Media: Wall Street Journal
I’ve been mentioned in an article published by the Wall Street Journal:
In May last year, teenager Elliot Lee confided on his blog, “what’s really struck me this school year is my lack of friends.” His mother, Katy Lee, read the posting and tried to ease any stress she was placing on Elliot, now 17, about his school work. By reading her son’s blog every few days, “I gain insight into what matters to him,” says Ms. Lee, 46, a real-estate agent in Walnut, Calif. “It has opened doors to talking more together.”

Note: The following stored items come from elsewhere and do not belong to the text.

(* Suppose $J$ satisfies (J) and (J1). Then for every $\epsilon\in(0,1)$, $\lim_{R\to\infty}\int_0^{(1-\epsilon)R}\int_R^\infty\tilde J_+(r,\rho)\,d\rho\,dr=0$ and $\lim_{R\to\infty}\int_0^R\int_R^\infty\tilde J_-(r,\rho)\,d\rho\,dr=0$.
   Context: $N\ge2$, $B_\rho=\{|x|<\rho\}\subset\mathbb R^N$. (J): $J\in C(\mathbb R_+)\cap L^\infty(\mathbb R_+)$, $J\ge0$, $J(0)>0$, $\int_{\mathbb R^N}J(|x|)dx=1$. (J1): $\int_0^\infty J(r)r^Ndr<\infty$. For $x\ne0$ with $|x|=r$ and $\rho>0$: $\tilde J_+(r,\rho)=\int_{\{y\in\partial B_\rho:\,y\cdot x\ge0\}}J(|x-y|)dS_y$, $\tilde J_-(r,\rho)=\int_{\{y\in\partial B_\rho:\,y\cdot x\le0\}}J(|x-y|)dS_y$. *)

theory Defs
  imports "HOL-Analysis.Analysis"
begin

text \<open>Surface integral of a nonnegative function over the sphere of radius rho
  centred at 0 in the Euclidean space 'a (dimension N = DIM('a)), via the cone
  (polar-coordinate) formula:
  integral over sphere rho of f dS = N rho^(N-1) * integral over the unit ball of f(rho x/|x|) dx.\<close>
definition sphere_nn_integral :: "real \<Rightarrow> ('a::euclidean_space \<Rightarrow> real) \<Rightarrow> ennreal" where
  "sphere_nn_integral \<rho> f =
     ennreal (real DIM('a) * \<rho> ^ (DIM('a) - 1)) *
     (\<integral>\<^sup>+ x \<in> ball (0::'a) 1. ennreal (f (\<rho> *\<^sub>R (x /\<^sub>R norm x))) \<partial>lborel)"

text \<open>J-tilde-plus / J-tilde-minus at the point x = r e (e a unit vector, |x| = r).\<close>
definition Jt_plus :: "(real \<Rightarrow> real) \<Rightarrow> 'a::euclidean_space \<Rightarrow> real \<Rightarrow> real \<Rightarrow> ennreal" where
  "Jt_plus J e r \<rho> = sphere_nn_integral \<rho>
     (\<lambda>y::'a. if y \<bullet> (r *\<^sub>R e) \<ge> 0 then J (norm (r *\<^sub>R e - y)) else 0)"

definition Jt_minus :: "(real \<Rightarrow> real) \<Rightarrow> 'a::euclidean_space \<Rightarrow> real \<Rightarrow> real \<Rightarrow> ennreal" where
  "Jt_minus J e r \<rho> = sphere_nn_integral \<rho>
     (\<lambda>y::'a. if y \<bullet> (r *\<^sub>R e) \<le> 0 then J (norm (r *\<^sub>R e - y)) else 0)"

end

(*
  Write the points of the sphere of radius rho as y = rho u with norm u = 1 and put
  d = r (e . u), so that norm (r e - y) = sqrt (rho^2 - 2 rho d + r^2) =: phi rho.  On the
  half-space selected by the kernel both phi rho and rho - d are at least kappa rho, with
  kappa = eps for J~+ (there r <= (1 - eps) R) and kappa = 1 for J~- (there d <= 0); hence
  rho^(N-1) <= kappa^(1-N) phi^(N-1) phi', and substituting t = phi rho bounds the integral over
  rho >= R by a multiple of the tail of J(t) t^(N-1) beyond kappa R.  Integrating over the
  directions u and over r <= R <= t / kappa turns this into a multiple of the tail of J(t) t^N
  beyond kappa R, which vanishes as R tends to infinity by (J1).
*)
theory Submission
  imports Defs
begin

definition moment_tail :: "(real \<Rightarrow> real) \<Rightarrow> nat \<Rightarrow> real \<Rightarrow> ennreal" where
  "moment_tail J k L = (\<integral>\<^sup>+t\<in>{L..}. ennreal (J t * t ^ k) \<partial>lborel)"

lemma tendsto_set_nn_integral_atLeast_zero:
  fixes g :: "real \<Rightarrow> ennreal"
  assumes [measurable]: "g \<in> borel_measurable borel" and fin: "(\<integral>\<^sup>+t\<in>{a..}. g t \<partial>lborel) < \<infinity>"
  shows "((\<lambda>L. \<integral>\<^sup>+t\<in>{L..}. g t \<partial>lborel) \<longlongrightarrow> 0) at_top"
proof (rule tendsto_at_topI_sequentially)
  fix X :: "nat \<Rightarrow> real" assume X: "filterlim X at_top sequentially"
  have "(\<lambda>n. \<integral>\<^sup>+t. g t * indicator {a..} t * indicator {X n..} t \<partial>lborel) \<longlonglongrightarrow> (\<integral>\<^sup>+(t::real). 0 \<partial>lborel)"
  proof (rule nn_integral_dominated_convergence[where w="\<lambda>t. g t * indicator {a..} t"])
    show "AE t in lborel. g t * indicator {a..} t * indicator {X n..} t \<le> g t * indicator {a..} t" for n
      by (auto split: split_indicator)
    show "AE t in lborel. (\<lambda>n. g t * indicator {a..} t * indicator {X n..} t) \<longlonglongrightarrow> 0"
    proof (rule AE_I2)
      fix t
      have "eventually (\<lambda>n. t < X n) sequentially"
        using X by (simp add: filterlim_at_top_dense)
      then show "(\<lambda>n. g t * indicator {a..} t * indicator {X n..} t) \<longlonglongrightarrow> 0"
        by (rule tendsto_eventually[OF eventually_mono]) auto
    qed
  qed (use fin in simp_all)
  moreover have "eventually (\<lambda>n. (\<integral>\<^sup>+t. g t * indicator {a..} t * indicator {X n..} t \<partial>lborel)
      = (\<integral>\<^sup>+t\<in>{X n..}. g t \<partial>lborel)) sequentially"
    using X[unfolded filterlim_at_top_dense, rule_format, of a]
    by eventually_elim (auto intro!: nn_integral_cong split: split_indicator)
  ultimately show "(\<lambda>n. \<integral>\<^sup>+t\<in>{X n..}. g t \<partial>lborel) \<longlonglongrightarrow> 0"
    by (simp add: tendsto_cong)
qed

lemma tendsto_moment_tail_zero:
  fixes J :: "real \<Rightarrow> real"
  assumes [measurable]: "J \<in> borel_measurable borel" and Jn: "\<And>t. 0 \<le> t \<Longrightarrow> 0 \<le> J t"
    and int: "(\<lambda>t. J t * t ^ k) integrable_on {0..}"
  shows "(moment_tail J k \<longlongrightarrow> 0) at_top"
proof -
  obtain I where "((\<lambda>t. J t * t ^ k) has_integral I) {0..}" using int by blast
  then have "(\<integral>\<^sup>+t\<in>{0..}. ennreal (J t * t ^ k) \<partial>lborel) = ennreal I"
    by (rule nn_integral_has_integral_lebesgue'[rotated]) (simp add: Jn)
  then show ?thesis
    unfolding moment_tail_def by (intro tendsto_set_nn_integral_atLeast_zero[where a=0]) auto
qed

lemma mult_moment_tail_le:
  fixes J :: "real \<Rightarrow> real"
  assumes [measurable]: "J \<in> borel_measurable borel" and Jn: "\<And>t. 0 \<le> t \<Longrightarrow> 0 \<le> J t"
    and \<kappa>: "0 < \<kappa>" and R: "0 \<le> R"
  shows "ennreal R * moment_tail J k (\<kappa> * R) \<le> ennreal (1 / \<kappa>) * moment_tail J (Suc k) (\<kappa> * R)"
proof -
  have "R * (J t * t ^ k) \<le> 1 / \<kappa> * (J t * t ^ Suc k)" if t: "\<kappa> * R \<le> t" for t
  proof -
    have "0 \<le> \<kappa> * R" using \<kappa> R by simp
    then have "0 \<le> t" using t by linarith
    moreover have "R \<le> t / \<kappa>" using t \<kappa> by (simp add: field_simps)
    ultimately have "R * (J t * t ^ k) \<le> t / \<kappa> * (J t * t ^ k)"
      using Jn[of t] by (intro mult_right_mono) auto
    then show ?thesis by (simp add: mult_ac)
  qed
  then have "(\<integral>\<^sup>+t. ennreal R * (ennreal (J t * t ^ k) * indicator {\<kappa> * R..} t) \<partial>lborel)
      \<le> (\<integral>\<^sup>+t. ennreal (1 / \<kappa>) * (ennreal (J t * t ^ Suc k) * indicator {\<kappa> * R..} t) \<partial>lborel)"
    using R \<kappa> by (intro nn_integral_mono) (auto simp: ennreal_mult'[symmetric] intro!: ennreal_leI split: split_indicator)
  then show ?thesis
    unfolding moment_tail_def by (simp add: nn_integral_cmult)
qed

lemma nn_integral_atLeast_le_Icc:
  fixes f :: "real \<Rightarrow> ennreal"
  assumes [measurable]: "f \<in> borel_measurable borel"
    and bound: "\<And>b. a \<le> b \<Longrightarrow> (\<integral>\<^sup>+x\<in>{a..b}. f x \<partial>lborel) \<le> M"
  shows "(\<integral>\<^sup>+x\<in>{a..}. f x \<partial>lborel) \<le> M"
proof -
  let ?f = "\<lambda>n x. f x * indicator {a..a + real n} x"
  have "(SUP n. ?f n x) = f x * indicator {a..} x" for x
  proof (rule LIMSEQ_unique[OF LIMSEQ_SUP])
    obtain n where "x - a < real n"
      using reals_Archimedean2[of "x - a"] ..
    then have "?f m x = f x * indicator {a..} x" if "n \<le> m" for m
      using that by (auto split: split_indicator)
    then have "eventually (\<lambda>m. ?f m x = f x * indicator {a..} x) sequentially"
      by (rule eventually_sequentiallyI)
    then show "(\<lambda>n. ?f n x) \<longlonglongrightarrow> f x * indicator {a..} x"
      by (rule tendsto_eventually)
  qed (auto simp: incseq_def le_fun_def split: split_indicator)
  then have "(\<integral>\<^sup>+x\<in>{a..}. f x \<partial>lborel) = (\<integral>\<^sup>+x. (SUP n. ?f n x) \<partial>lborel)"
    by simp
  also have "\<dots> = (SUP n. \<integral>\<^sup>+x. ?f n x \<partial>lborel)"
    by (rule nn_integral_monotone_convergence_SUP)
       (auto simp: incseq_def le_fun_def split: split_indicator)
  also have "\<dots> \<le> M"
    by (rule SUP_least) (simp add: bound)
  finally show ?thesis .
qed

lemma norm_scaleR_diff_scaleR_unit:
  fixes e u :: "'a::real_inner"
  assumes "norm e = 1" "norm u = 1"
  shows "norm (r *\<^sub>R e - \<rho> *\<^sub>R u) = sqrt (\<rho>\<^sup>2 - 2 * \<rho> * (r * (e \<bullet> u)) + r\<^sup>2)"
proof -
  have "e \<bullet> e = 1" "u \<bullet> u = 1" using assms by (simp_all add: dot_square_norm)
  then have "(r *\<^sub>R e - \<rho> *\<^sub>R u) \<bullet> (r *\<^sub>R e - \<rho> *\<^sub>R u) = \<rho>\<^sup>2 - 2 * \<rho> * (r * (e \<bullet> u)) + r\<^sup>2"
    by (simp add: inner_diff_left inner_diff_right inner_commute power2_eq_square algebra_simps)
  then show ?thesis by (simp add: norm_eq_sqrt_inner)
qed

lemma has_real_derivative_sqrt_quadratic:
  assumes "0 < \<rho>\<^sup>2 - 2 * \<rho> * d + r\<^sup>2"
  shows "((\<lambda>\<rho>. sqrt (\<rho>\<^sup>2 - 2 * \<rho> * d + r\<^sup>2)) has_real_derivative
           (\<rho> - d) / sqrt (\<rho>\<^sup>2 - 2 * \<rho> * d + r\<^sup>2)) (at \<rho>)"
  using assms by (auto intro!: derivative_eq_intros simp: field_simps)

I don’t like the quote, but hey, I’m there nonetheless. More quotes of interest from the article:
About 20% of U.S. Internet users between the ages of 12 and 17 have a blog — about four million U.S. teenagers, according to the Pew Internet & American Life Project, a Washington-based nonprofit that researches the impact of the Internet. Many are confiding their feelings and intimate details of their lives — and sometimes posting revealing photographs — to the personal Web sites offered by free services such as MySpace, Xanga, LiveJournal and Multiply.
…
Like cellphone conversations or classroom chatter, teen blogs, with their high doses of misspellings, racy content, and age-appropriate angst, can be inane, earnest or rambling. A 16-year-old blogger’s 2:15 a.m. post, replete with insider shorthand, is typical of the mundane nature of many blogs: “totally lyk slept all day…haha woww…im totally wide awake and bored now…mayb ill do summore h/w [homework]?? mayb not??”
Post a comment if you have any opinions about these snippets.
Ok, the 16 year old’s post is annoying.
And blogging is fun/good/whatever.
Elliot, you are hillarious. Maybe I should spend more time maintaining my blog. Do these people even ask you before they quote you?